(* Let $\mathbf z=(z_i)_{i=1}^N$ be a crystal. Then for every $\mathbf h=(h_i)_{i=1}^N\in(\mathbb R^d)^N$, $$(\mathbf h,\mathrm{Hess}H(\mathbf z)\mathbf h)=\frac{\check c}{a^2}\sum_{\langle i,j\rangle}(h_i-h_j,z_i-z_j)^2\ge0,$$ where the sum is over all pairs $\{i,j\}$ with $|z_i-z_j|=a$.
   Context: Let $d\ge1$ and $U\in C^3_0(\mathbb R)$ even, with a unique $a>0$ such that $U(a)=\min_{r\ge0}U(r)$, and $\check c:=U''(a)>0$; $U(x)=U(|x|)$ for $x\in\mathbb R^d$; $b=\inf\{r>0:U(s)=0\text{ for all }s>r\}$. $H(\mathbf x)=\sum_{1\le i<j\le N}U(x_i-x_j)$ for $\mathbf x\in(\mathbb R^d)^N$. A crystal is $\mathbf z\in(\mathbb R^d)^N$ such that for every $i\ne j$, $|z_i-z_j|=a$ or $|z_i-z_j|>b$. $\mathrm{Hess}H(\mathbf x)=(\partial^2H/\partial x_i^\alpha\partial x_j^\beta)$ and $(\mathbf h,\mathrm{Hess}H(\mathbf x)\mathbf h)=\sum_{i,j}\sum_{\alpha,\beta}\frac{\partial^2H}{\partial x_i^\alpha\partial x_j^\beta}(\mathbf x)h_i^\alpha h_j^\beta$. *)

theory Defs
  imports "HOL-Analysis.Analysis"
begin

definition C3 :: "(real \<Rightarrow> real) \<Rightarrow> bool" where
  "C3 U \<longleftrightarrow> (\<forall>k<3. \<forall>x. ((deriv ^^ k) U) differentiable (at x))
              \<and> continuous_on UNIV ((deriv ^^ 3) U)"

definition C3_0 :: "(real \<Rightarrow> real) \<Rightarrow> bool" where
  "C3_0 U \<longleftrightarrow> C3 U \<and> bounded {x. U x \<noteq> 0}"

definition cutoff :: "(real \<Rightarrow> real) \<Rightarrow> real" where
  "cutoff U = Inf {r. r > 0 \<and> (\<forall>s>r. U s = 0)}"

definition energy :: "(real \<Rightarrow> real) \<Rightarrow> nat \<Rightarrow> (nat \<Rightarrow> real^'d) \<Rightarrow> real" where
  "energy U N x = (\<Sum>i<N. \<Sum>j\<in>{i<..<N}. U (norm (x i - x j)))"

definition pderiv_conf ::
  "nat \<Rightarrow> 'd \<Rightarrow> ((nat \<Rightarrow> real^'d) \<Rightarrow> real) \<Rightarrow> (nat \<Rightarrow> real^'d) \<Rightarrow> real" where
  "pderiv_conf i \<alpha> F x = deriv (\<lambda>t. F (x(i := x i + t *\<^sub>R axis \<alpha> 1))) 0"

definition hess_form ::
  "nat \<Rightarrow> ((nat \<Rightarrow> real^'d::finite) \<Rightarrow> real) \<Rightarrow> (nat \<Rightarrow> real^'d) \<Rightarrow> (nat \<Rightarrow> real^'d) \<Rightarrow> real" where
  "hess_form N F x h = (\<Sum>i<N. \<Sum>j<N. \<Sum>\<alpha>\<in>UNIV. \<Sum>\<beta>\<in>UNIV.
      pderiv_conf i \<alpha> (pderiv_conf j \<beta> F) x * (h i $ \<alpha>) * (h j $ \<beta>))"

definition crystal :: "real \<Rightarrow> real \<Rightarrow> nat \<Rightarrow> (nat \<Rightarrow> real^'d) \<Rightarrow> bool" where
  "crystal a b N z \<longleftrightarrow> (\<forall>i<N. \<forall>j<N. i \<noteq> j \<longrightarrow> norm (z i - z j) = a \<or> norm (z i - z j) > b)"

end

theory Submission
  imports Defs
begin

text \<open>Displacing particle \<open>i\<close> by \<open>t e\<close> changes every pair difference \<open>z\<^sub>p - z\<^sub>q\<close>
  by \<open>t (\<delta>\<^sub>i\<^sub>p - \<delta>\<^sub>i\<^sub>q) e\<close>, so every second partial derivative of \<open>H\<close> is a sum over pairs
  of second directional derivatives of \<open>v \<mapsto> U |v|\<close>. In a crystal each pair distance is
  a critical point of \<open>U\<close>: it is either the minimiser \<open>a\<close> or lies beyond the cutoff \<open>b\<close>,
  where \<open>U\<close> vanishes identically. At a critical radius the second derivative of
  \<open>U |v|\<close> is the rank-one form \<open>U''(|v|) (v\<cdot>w)(v\<cdot>u) / |v|\<^sup>2\<close>, which moreover vanishes
  beyond \<open>b\<close>; summing it against \<open>h\<close> over particles and coordinates gives
  \<open>U''(a)/a\<^sup>2 ((h\<^sub>p - h\<^sub>q)\<cdot>(z\<^sub>p - z\<^sub>q))\<^sup>2\<close> for each bond.\<close>

lemma has_real_derivative_norm_line:
  fixes v w :: "'a::real_inner"
  assumes "v \<noteq> 0"
  shows "((\<lambda>t. norm (v + t *\<^sub>R w)) has_real_derivative (v \<bullet> w) / norm v) (at 0)"
proof -
  have line: "((\<lambda>t::real. v + t *\<^sub>R w) has_derivative (\<lambda>t. t *\<^sub>R w)) (at 0)"
    by (auto intro!: derivative_eq_intros)
  have "(norm has_derivative (\<lambda>y. y \<bullet> sgn v)) (at (v + 0 *\<^sub>R w))"
    using has_derivative_norm[OF assms] by simp
  from has_derivative_compose[OF line this] show ?thesis
    unfolding has_field_derivative_def
    by (rule has_derivative_eq_rhs) (auto simp: sgn_div_norm inner_commute fun_eq_iff field_simps)
qed

lemma has_real_derivative_radial_line:
  fixes v w :: "'a::real_inner"
  assumes "DERIV f (norm v) :> f'" "v \<noteq> 0"
  shows "((\<lambda>t. f (norm (v + t *\<^sub>R w))) has_real_derivative f' * (v \<bullet> w) / norm v) (at 0)"
proof -
  have "DERIV f (norm (v + 0 *\<^sub>R w)) :> f'" using assms(1) by simp
  from DERIV_chain2[OF this has_real_derivative_norm_line[OF assms(2)]] show ?thesis
    by simp
qed

lemma has_real_derivative_radial_slope_line:
  fixes v w u :: "'a::real_inner"
  assumes "DERIV g (norm v) :> g'" "g (norm v) = 0" "v \<noteq> 0"
  shows "((\<lambda>t. g (norm (v + t *\<^sub>R w)) * ((v + t *\<^sub>R w) \<bullet> u) / norm (v + t *\<^sub>R w))
           has_real_derivative g' / (norm v)\<^sup>2 * (v \<bullet> w) * (v \<bullet> u)) (at 0)"
proof -
  have "((\<lambda>t. (v + t *\<^sub>R w) \<bullet> u) has_real_derivative w \<bullet> u) (at 0)"
    by (auto intro!: derivative_eq_intros simp: inner_add_left)
  from DERIV_mult[OF has_real_derivative_radial_line[OF assms(1,3)] this]
  have "((\<lambda>t. g (norm (v + t *\<^sub>R w)) * ((v + t *\<^sub>R w) \<bullet> u)) has_real_derivative
          g' * (v \<bullet> w) / norm v * (v \<bullet> u)) (at 0)"
    using assms(2) by simp
  from DERIV_divide[OF this has_real_derivative_norm_line[OF assms(3)]] show ?thesis
    using assms(2,3) by (simp add: power2_eq_square)
qed

lemma eventually_nhds_line_nonzero:
  fixes v w :: "'a::real_normed_vector"
  assumes "v \<noteq> 0"
  shows "\<forall>\<^sub>F t in nhds 0. v + t *\<^sub>R w \<noteq> 0"
proof (rule tendsto_imp_eventually_ne)
  show "((\<lambda>t. v + t *\<^sub>R w) \<longlongrightarrow> v) (nhds 0)"
    by (auto intro!: tendsto_eq_intros filterlim_ident)
qed (fact assms)

definition incidence :: "nat \<Rightarrow> nat \<Rightarrow> nat \<Rightarrow> real" where
  "incidence i p q = of_bool (i = p) - of_bool (i = q)"

lemma displace_diff:
  fixes x :: "nat \<Rightarrow> 'a::real_vector"
  assumes "p \<noteq> q"
  shows "(x(i := x i + t *\<^sub>R e)) p - (x(i := x i + t *\<^sub>R e)) q
           = (x p - x q) + t *\<^sub>R (incidence i p q *\<^sub>R e)"
  using assms by (cases "i = p"; cases "i = q") (auto simp: incidence_def)

lemma sum_incidence:
  fixes X :: "nat \<Rightarrow> real"
  assumes "p < N" "q < N"
  shows "(\<Sum>i<N. incidence i p q * X i) = X p - X q"
  using assms by (simp add: incidence_def left_diff_distrib sum_subtractf)

lemma sum_pairs_displace:
  fixes x :: "nat \<Rightarrow> 'a::real_vector"
  shows "(\<Sum>p<N. \<Sum>q\<in>{p<..<N}. F p q ((x(i := x i + t *\<^sub>R e)) p - (x(i := x i + t *\<^sub>R e)) q))
           = (\<Sum>p<N. \<Sum>q\<in>{p<..<N}. F p q ((x p - x q) + t *\<^sub>R (incidence i p q *\<^sub>R e)))"
  by (intro sum.cong refl arg_cong[where f = "F _ _"] displace_diff) auto

lemma energy_displace:
  fixes x :: "nat \<Rightarrow> real^'d::finite"
  shows "energy U N (x(i := x i + t *\<^sub>R e))
           = (\<Sum>p<N. \<Sum>q\<in>{p<..<N}. U (norm ((x p - x q) + t *\<^sub>R (incidence i p q *\<^sub>R e))))"
  unfolding energy_def by (rule sum_pairs_displace[where F = "\<lambda>_ _ v. U (norm v)"])

lemma pderiv_energy:
  fixes x :: "nat \<Rightarrow> real^'d::finite"
  assumes "\<And>s. U differentiable (at s)"
    and "\<And>p q. p < q \<Longrightarrow> q < N \<Longrightarrow> x p \<noteq> x q"
  shows "pderiv_conf j \<beta> (energy U N) x
           = (\<Sum>p<N. \<Sum>q\<in>{p<..<N}. deriv U (norm (x p - x q))
                * ((x p - x q) \<bullet> (incidence j p q *\<^sub>R axis \<beta> 1)) / norm (x p - x q))"
  unfolding pderiv_conf_def energy_displace
  by (rule DERIV_imp_deriv, intro DERIV_sum has_real_derivative_radial_line)
    (use assms in \<open>auto simp: DERIV_deriv_iff_real_differentiable\<close>)

lemma eventually_nhds_displace_distinct:
  fixes x :: "nat \<Rightarrow> 'a::real_normed_vector"
  assumes "\<And>p q. p < q \<Longrightarrow> q < N \<Longrightarrow> x p \<noteq> x q"
  shows "\<forall>\<^sub>F t in nhds 0. \<forall>p\<in>{..<N}. \<forall>q\<in>{p<..<N}.
           (x(i := x i + t *\<^sub>R e)) p \<noteq> (x(i := x i + t *\<^sub>R e)) q"
proof -
  have "\<forall>\<^sub>F t in nhds 0. (x(i := x i + t *\<^sub>R e)) p \<noteq> (x(i := x i + t *\<^sub>R e)) q"
    if "p < q" "q < N" for p q
  proof -
    have "\<forall>\<^sub>F t in nhds 0. (x p - x q) + t *\<^sub>R (incidence i p q *\<^sub>R e) \<noteq> 0"
      using assms[OF that] by (intro eventually_nhds_line_nonzero) simp
    then show ?thesis
      by eventually_elim (metis displace_diff less_imp_neq[OF \<open>p < q\<close>] right_minus_eq)
  qed
  then show ?thesis
    by (intro eventually_ball_finite finite_lessThan finite_greaterThanLessThan ballI) auto
qed

lemma pderiv_pderiv_energy:
  fixes z :: "nat \<Rightarrow> real^'d::finite"
  assumes U_diff: "\<And>s. U differentiable (at s)"
    and U'_diff: "\<And>s. deriv U differentiable (at s)"
    and distinct: "\<And>p q. p < q \<Longrightarrow> q < N \<Longrightarrow> z p \<noteq> z q"
    and critical: "\<And>p q. p < q \<Longrightarrow> q < N \<Longrightarrow> deriv U (norm (z p - z q)) = 0"
  shows "pderiv_conf i \<alpha> (pderiv_conf j \<beta> (energy U N)) z
           = (\<Sum>p<N. \<Sum>q\<in>{p<..<N}. deriv (deriv U) (norm (z p - z q))
                / (norm (z p - z q))\<^sup>2 * ((z p - z q) \<bullet> (incidence i p q *\<^sub>R axis \<alpha> 1))
                * ((z p - z q) \<bullet> (incidence j p q *\<^sub>R axis \<beta> 1)))"
proof -
  define w where "w p q = incidence i p q *\<^sub>R axis \<alpha> (1::real)" for p q
  define u where "u p q = incidence j p q *\<^sub>R axis \<beta> (1::real)" for p q
  define G where "G t = (\<Sum>p<N. \<Sum>q\<in>{p<..<N}. deriv U (norm ((z p - z q) + t *\<^sub>R w p q))
      * (((z p - z q) + t *\<^sub>R w p q) \<bullet> u p q) / norm ((z p - z q) + t *\<^sub>R w p q))" for t
  \<comment> \<open>\<open>pderiv_energy\<close> needs distinct particles, so it applies only near \<open>t = 0\<close>.\<close>
  have "\<forall>\<^sub>F t in nhds 0. \<forall>p\<in>{..<N}. \<forall>q\<in>{p<..<N}.
          (z(i := z i + t *\<^sub>R axis \<alpha> 1)) p \<noteq> (z(i := z i + t *\<^sub>R axis \<alpha> 1)) q"
    using distinct by (rule eventually_nhds_displace_distinct)
  then have "\<forall>\<^sub>F t in nhds 0. pderiv_conf j \<beta> (energy U N) (z(i := z i + t *\<^sub>R axis \<alpha> 1)) = G t"
  proof eventually_elim
    case (elim t)
    let ?y = "z(i := z i + t *\<^sub>R axis \<alpha> 1)"
    have "pderiv_conf j \<beta> (energy U N) ?y = (\<Sum>p<N. \<Sum>q\<in>{p<..<N}.
        deriv U (norm (?y p - ?y q)) * ((?y p - ?y q) \<bullet> u p q) / norm (?y p - ?y q))"
      unfolding u_def using elim by (intro pderiv_energy U_diff) auto
    also have "\<dots> = G t"
      unfolding G_def w_def
      by (rule sum_pairs_displace[where F = "\<lambda>p q v. deriv U (norm v) * (v \<bullet> u p q) / norm v"])
    finally show ?case .
  qed
  then have "pderiv_conf i \<alpha> (pderiv_conf j \<beta> (energy U N)) z = deriv G 0"
    unfolding pderiv_conf_def[of i \<alpha>] by (rule deriv_cong_ev) simp
  also have "deriv G 0 = (\<Sum>p<N. \<Sum>q\<in>{p<..<N}. deriv (deriv U) (norm (z p - z q))
                / (norm (z p - z q))\<^sup>2 * ((z p - z q) \<bullet> w p q) * ((z p - z q) \<bullet> u p q))"
    unfolding G_def
    by (rule DERIV_imp_deriv, intro DERIV_sum has_real_derivative_radial_slope_line)
      (use distinct critical U'_diff in \<open>auto simp: DERIV_deriv_iff_real_differentiable\<close>)
  finally show ?thesis unfolding w_def u_def .
qed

###

Print again the lines of the entries above that fall between the line holding "define u where" and the line holding "p q) \<bullet>", inclusive, exactly as they stand.

  define u where "u p q = incidence j p q *\<^sub>R axis \<beta> (1::real)" for p q
  define G where "G t = (\<Sum>p<N. \<Sum>q\<in>{p<..<N}. deriv U (norm ((z p - z q) + t *\<^sub>R w p q))
      * (((z p - z q) + t *\<^sub>R w p q) \<bullet> u p q) / norm ((z p - z q) + t *\<^sub>R w p q))" for t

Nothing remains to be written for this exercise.